* Problem description *
Would you please output, word for word, the span of the listing below that opens on the line containing "by (auto simp: eventually_at_right_field divide_nonpos_pos" and closes on the line containing "t) \<le> P t"? Include both ends and nothing more.

* * * * *

lemma chapman_kolmogorov_has_sum:
  assumes tf: "transition_function P" and s: "s \<ge> 0" and t: "t \<ge> 0"
  shows "((\<lambda>k. P s i k * P t k j) has_sum P (s + t) i j) UNIV"
proof -
  have "(\<lambda>k. P s i k * P t k j) summable_on UNIV"
  proof (rule summable_on_comparison_test)
    show "(\<lambda>k. P s i k) summable_on UNIV"
      using transition_function_row_has_sum[OF tf s] by (rule has_sum_imp_summable)
    show "P s i k * P t k j \<le> P s i k" "0 \<le> P s i k * P t k j" for k
      using transition_function_nonneg[OF tf] transition_function_le_one[OF tf t] s t
      by (simp_all add: mult_left_le)
  qed
  moreover have "P (s + t) i j = (\<Sum>\<^sub>\<infinity>k. P s i k * P t k j)"
    using tf s t unfolding transition_function_def by blast
  ultimately show ?thesis
    by (simp add: summable_iff_has_sum_infsum)
qed

lemma transition_function_diag_power_le:
  assumes tf: "transition_function P" and h: "h \<ge> 0"
  shows "P h i i ^ n \<le> P (real n * h) i i"
proof (induction n)
  case 0
  then show ?case
    using transition_function_at_0[OF tf] by simp
next
  case (Suc n)
  have "P h i i ^ Suc n \<le> P h i i * P (real n * h) i i"
    using Suc transition_function_nonneg[OF tf h] by (simp add: mult_left_mono)
  also have "\<dots> = (\<Sum>k\<in>{i}. P h i k * P (real n * h) k i)"
    by simp
  also have "\<dots> \<le> P (h + real n * h) i i"
    by (rule finite_sum_le_has_sum[OF chapman_kolmogorov_has_sum[OF tf h]])
       (use transition_function_nonneg[OF tf] h in auto)
  finally show ?case
    by (simp add: algebra_simps)
qed

lemma Q_matrix_difference_quotient:
  assumes "is_Q_matrix_of q P"
  shows "((\<lambda>h. (P h i j - P 0 i j) / h) \<longlongrightarrow> q i j) (at_right 0)"
proof -
  have "((\<lambda>h. (P h i j - P 0 i j) / (h - 0)) \<longlongrightarrow> q i j) (at 0 within {0..})"
    using assms unfolding is_Q_matrix_of_def has_field_derivative_iff by blast
  then have "((\<lambda>h. (P h i j - P 0 i j) / (h - 0)) \<longlongrightarrow> q i j) (at_right 0)"
    by (rule tendsto_mono[rotated]) (auto intro: at_le)
  then show ?thesis
    by simp
qed

lemma Q_matrix_offdiag_nonneg:
  assumes tf: "transition_function P" and Q: "is_Q_matrix_of q P" and "i \<noteq> j"
  shows "0 \<le> q i j"
proof (rule tendsto_lowerbound[OF Q_matrix_difference_quotient[OF Q]])
  show "\<forall>\<^sub>F h in at_right 0. 0 \<le> (P h i j - P 0 i j) / h"
    using transition_function_nonneg[OF tf] transition_function_at_0[OF tf] \<open>i \<noteq> j\<close>
    by (auto simp: eventually_at_right_field intro: exI[of _ 1])
qed simp

lemma Q_matrix_diag_nonpos:
  assumes tf: "transition_function P" and Q: "is_Q_matrix_of q P"
  shows "q i i \<le> 0"
proof (rule tendsto_upperbound[OF Q_matrix_difference_quotient[OF Q]])
  show "\<forall>\<^sub>F h in at_right 0. (P h i i - P 0 i i) / h \<le> 0"
    using transition_function_le_one[OF tf] transition_function_at_0[OF tf]
    by (auto simp: eventually_at_right_field divide_nonpos_pos intro: exI[of _ 1])
qed simp

lemma Q_matrix_row_abs_sum:
  assumes tf: "transition_function P" and Q: "is_Q_matrix_of q P" and C: "conservative q"
  shows "(\<Sum>\<^sub>\<infinity>j. \<bar>q i j\<bar>) = 2 * - q i i"
proof -
  have "((\<lambda>j. q i j) has_sum - q i i) (UNIV - {i})"
    using C unfolding conservative_def by blast
  then have "((\<lambda>j. \<bar>q i j\<bar>) has_sum - q i i) (UNIV - {i})"
    using Q_matrix_offdiag_nonneg[OF tf Q] by (subst has_sum_cong) auto
  then have "((\<lambda>j. \<bar>q i j\<bar>) has_sum \<bar>q i i\<bar> + - q i i) (insert i (UNIV - {i}))"
    by (intro has_sum_insert) auto
  then show ?thesis
    using Q_matrix_diag_nonpos[OF tf Q, of i] by (simp add: insert_UNIV infsumI)
qed

lemma transition_function_diag_ge_exp:
  assumes tf: "transition_function P" and Q: "is_Q_matrix_of q P" and t: "t \<ge> 0"
  shows "exp (q i i * t) \<le> P t i i"
proof (rule supermultiplicative_exp_le[where f = "\<lambda>h. P h i i", OF _ _ t])
  show "P h i i ^ n \<le> P (real n * h) i i" if "h \<ge> 0" for h n
    using transition_function_diag_power_le[OF tf that] .
  show "((\<lambda>h. (P h i i - 1) / h) \<longlongrightarrow> q i i) (at_right 0)"
    using Q_matrix_difference_quotient[OF Q, of i i] transition_function_at_0[OF tf] by simp
qed

lemma kernel_column_estimate:
  fixes D K :: "'a \<Rightarrow> real"
  assumes K_nonneg: "\<And>l. 0 \<le> K l"
    and off_diagonal: "(\<lambda>l. if l = k then 0 else \<bar>D l\<bar> * K l) summable_on UNIV"
    and column: "((\<lambda>l. D l * K l) has_sum e) UNIV"
  shows "\<bar>D k\<bar> * K k \<le> \<bar>e\<bar> + (\<Sum>\<^sub>\<infinity>l. if l = k then 0 else \<bar>D l\<bar> * K l)"
proof -
  define H where "H l = (if l = k then 0 else D l * K l)" for l
  have "((\<lambda>l. if l = k then D k * K k else 0) has_sum D k * K k) UNIV"
    by (rule has_sum_cong_neutral[THEN iffD2, of "{k}"]) (auto intro: has_sum_finiteI)
  from has_sum_diff[OF column this] have "(H has_sum e - D k * K k) UNIV"
    by (rule has_sum_cong[THEN iffD1, rotated]) (auto simp: H_def)
  moreover have "norm (H l) = (if l = k then 0 else \<bar>D l\<bar> * K l)" for l
    by (simp add: H_def abs_mult K_nonneg)
  ultimately have "\<bar>e - D k * K k\<bar> \<le> (\<Sum>\<^sub>\<infinity>l. if l = k then 0 else \<bar>D l\<bar> * K l)"
    using norm_infsum_bound[of H UNIV] off_diagonal by (simp add: infsumI)
  then show ?thesis
    by (simp add: abs_mult K_nonneg)
qed

lemma kernel_off_diagonal_mass:
  fixes D :: "'a \<Rightarrow> real" and K :: "'a \<Rightarrow> 'a \<Rightarrow> real"
  assumes K_nonneg: "\<And>l k. 0 \<le> K l k"
    and K_row: "\<And>l. (K l has_sum 1) UNIV"
    and K_diag: "\<And>l. m \<le> K l l"
    and D: "(\<lambda>l. \<bar>D l\<bar>) summable_on UNIV"
    and F: "finite F"
  shows "(\<Sum>k\<in>F. \<Sum>\<^sub>\<infinity>l. if l = k then 0 else \<bar>D l\<bar> * K l k) \<le> (1 - m) * (\<Sum>\<^sub>\<infinity>l. \<bar>D l\<bar>)"
proof -
  define G where "G k l = (if l = k then 0 else \<bar>D l\<bar> * K l k)" for k l
  have row: "(\<Sum>k\<in>F. G k l) \<le> \<bar>D l\<bar> * (1 - m)" for l
  proof -
    have "(\<Sum>k\<in>insert l (F - {l}). K l k) \<le> 1"
      by (rule finite_sum_le_has_sum[OF K_row]) (use F K_nonneg in auto)
    then have "(\<Sum>k\<in>F - {l}. K l k) \<le> 1 - m"
      using F K_diag[of l] by (simp add: sum.insert_remove)
    moreover have "(\<Sum>k\<in>F. G k l) = \<bar>D l\<bar> * (\<Sum>k\<in>F - {l}. K l k)"
      using F by (simp add: G_def sum_distrib_left sum.If_cases Diff_eq Int_commute)
    ultimately show ?thesis
      by (simp add: mult_left_mono)
  qed
  have "G k summable_on UNIV" for k
    by (rule summable_on_comparison_test[OF D])
       (auto simp: G_def intro!: mult_left_le mult_nonneg_nonneg stochastic_entry_le_one[OF K_nonneg K_row] K_nonneg)
  then have swap: "((\<lambda>l. \<Sum>k\<in>F. G k l) has_sum (\<Sum>k\<in>F. \<Sum>\<^sub>\<infinity>l. G k l)) UNIV"
    using F by (intro has_sum_sum) auto
  then have "(\<Sum>k\<in>F. \<Sum>\<^sub>\<infinity>l. G k l) = (\<Sum>\<^sub>\<infinity>l. \<Sum>k\<in>F. G k l)"
    by (simp add: infsumI)
  also have "\<dots> \<le> (\<Sum>\<^sub>\<infinity>l. \<bar>D l\<bar> * (1 - m))"
    using swap D row by (intro infsum_mono) (auto intro: has_sum_imp_summable summable_on_cmult_left)
  also have "\<dots> = (1 - m) * (\<Sum>\<^sub>\<infinity>l. \<bar>D l\<bar>)"
    by (simp add: infsum_cmult_left' mult.commute)
  finally show ?thesis
    by (simp add: G_def)
qed

lemma l1_norm_kernel_image_ge:
  fixes D E :: "'a \<Rightarrow> real" and K :: "'a \<Rightarrow> 'a \<Rightarrow> real"
  assumes K_nonneg: "\<And>l k. 0 \<le> K l k"
    and K_row: "\<And>l. (K l has_sum 1) UNIV"
    and K_diag: "\<And>l. m \<le> K l l"
    and D: "D summable_on UNIV"
    and E: "\<And>k. ((\<lambda>l. D l * K l k) has_sum E k) UNIV"
    and E_summable: "E summable_on UNIV"
  shows "(2 * m - 1) * (\<Sum>\<^sub>\<infinity>k. \<bar>D k\<bar>) \<le> (\<Sum>\<^sub>\<infinity>k. \<bar>E k\<bar>)"
proof -
  define N where "N = (\<Sum>\<^sub>\<infinity>k. \<bar>D k\<bar>)"
  define G where "G k = (\<Sum>\<^sub>\<infinity>l. if l = k then 0 else \<bar>D l\<bar> * K l k)" for k
  have abs_D: "(\<lambda>k. \<bar>D k\<bar>) summable_on UNIV"
    using D summable_on_iff_abs_summable_on_real by auto
  have abs_E: "(\<lambda>k. \<bar>E k\<bar>) summable_on UNIV"
    using E_summable summable_on_iff_abs_summable_on_real by auto
  have column: "\<bar>D k\<bar> * K k k \<le> \<bar>E k\<bar> + G k" for k
    unfolding G_def
  proof (rule kernel_column_estimate[OF K_nonneg _ E])
    show "(\<lambda>l. if l = k then 0 else \<bar>D l\<bar> * K l k) summable_on UNIV"
      by (rule summable_on_comparison_test[OF abs_D])
         (auto intro!: mult_left_le mult_nonneg_nonneg stochastic_entry_le_one[OF K_nonneg K_row] K_nonneg)
  qed
  have "(\<Sum>\<^sub>\<infinity>k. m * \<bar>D k\<bar>) \<le> (\<Sum>\<^sub>\<infinity>k. \<bar>E k\<bar>) + (1 - m) * N"
  proof (rule infsum_le_finite_sums[OF summable_on_cmult_right[OF abs_D]])
    fix F :: "'a set" assume F: "finite F"
    have "(\<Sum>k\<in>F. m * \<bar>D k\<bar>) \<le> (\<Sum>k\<in>F. \<bar>E k\<bar> + G k)"
      by (intro sum_mono order.trans[OF _ column]) (metis K_diag abs_ge_zero mult.commute mult_left_mono)
    also have "\<dots> = (\<Sum>k\<in>F. \<bar>E k\<bar>) + (\<Sum>k\<in>F. G k)"
      by (rule sum.distrib)
    also have "(\<Sum>k\<in>F. \<bar>E k\<bar>) \<le> (\<Sum>\<^sub>\<infinity>k. \<bar>E k\<bar>)"
      using F abs_E by (intro finite_sum_le_infsum) auto
    finally show "(\<Sum>k\<in>F. m * \<bar>D k\<bar>) \<le> (\<Sum>\<^sub>\<infinity>k. \<bar>E k\<bar>) + (1 - m) * N"
      using kernel_off_diagonal_mass[OF K_nonneg K_row K_diag abs_D F] by (simp add: G_def N_def)
  qed
  then show ?thesis
    by (simp add: N_def infsum_cmult_right' algebra_simps)
qed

* * * * *

* Response below *
    by (auto simp: eventually_at_right_field divide_nonpos_pos intro: exI[of _ 1])
qed simp

lemma Q_matrix_row_abs_sum:
  assumes tf: "transition_function P" and Q: "is_Q_matrix_of q P" and C: "conservative q"
  shows "(\<Sum>\<^sub>\<infinity>j. \<bar>q i j\<bar>) = 2 * - q i i"
proof -
  have "((\<lambda>j. q i j) has_sum - q i i) (UNIV - {i})"
    using C unfolding conservative_def by blast
  then have "((\<lambda>j. \<bar>q i j\<bar>) has_sum - q i i) (UNIV - {i})"
    using Q_matrix_offdiag_nonneg[OF tf Q] by (subst has_sum_cong) auto
  then have "((\<lambda>j. \<bar>q i j\<bar>) has_sum \<bar>q i i\<bar> + - q i i) (insert i (UNIV - {i}))"
    by (intro has_sum_insert) auto
  then show ?thesis
    using Q_matrix_diag_nonpos[OF tf Q, of i] by (simp add: insert_UNIV infsumI)
qed

lemma transition_function_diag_ge_exp:
  assumes tf: "transition_function P" and Q: "is_Q_matrix_of q P" and t: "t \<ge> 0"
  shows "exp (q i i * t) \<le> P t i i"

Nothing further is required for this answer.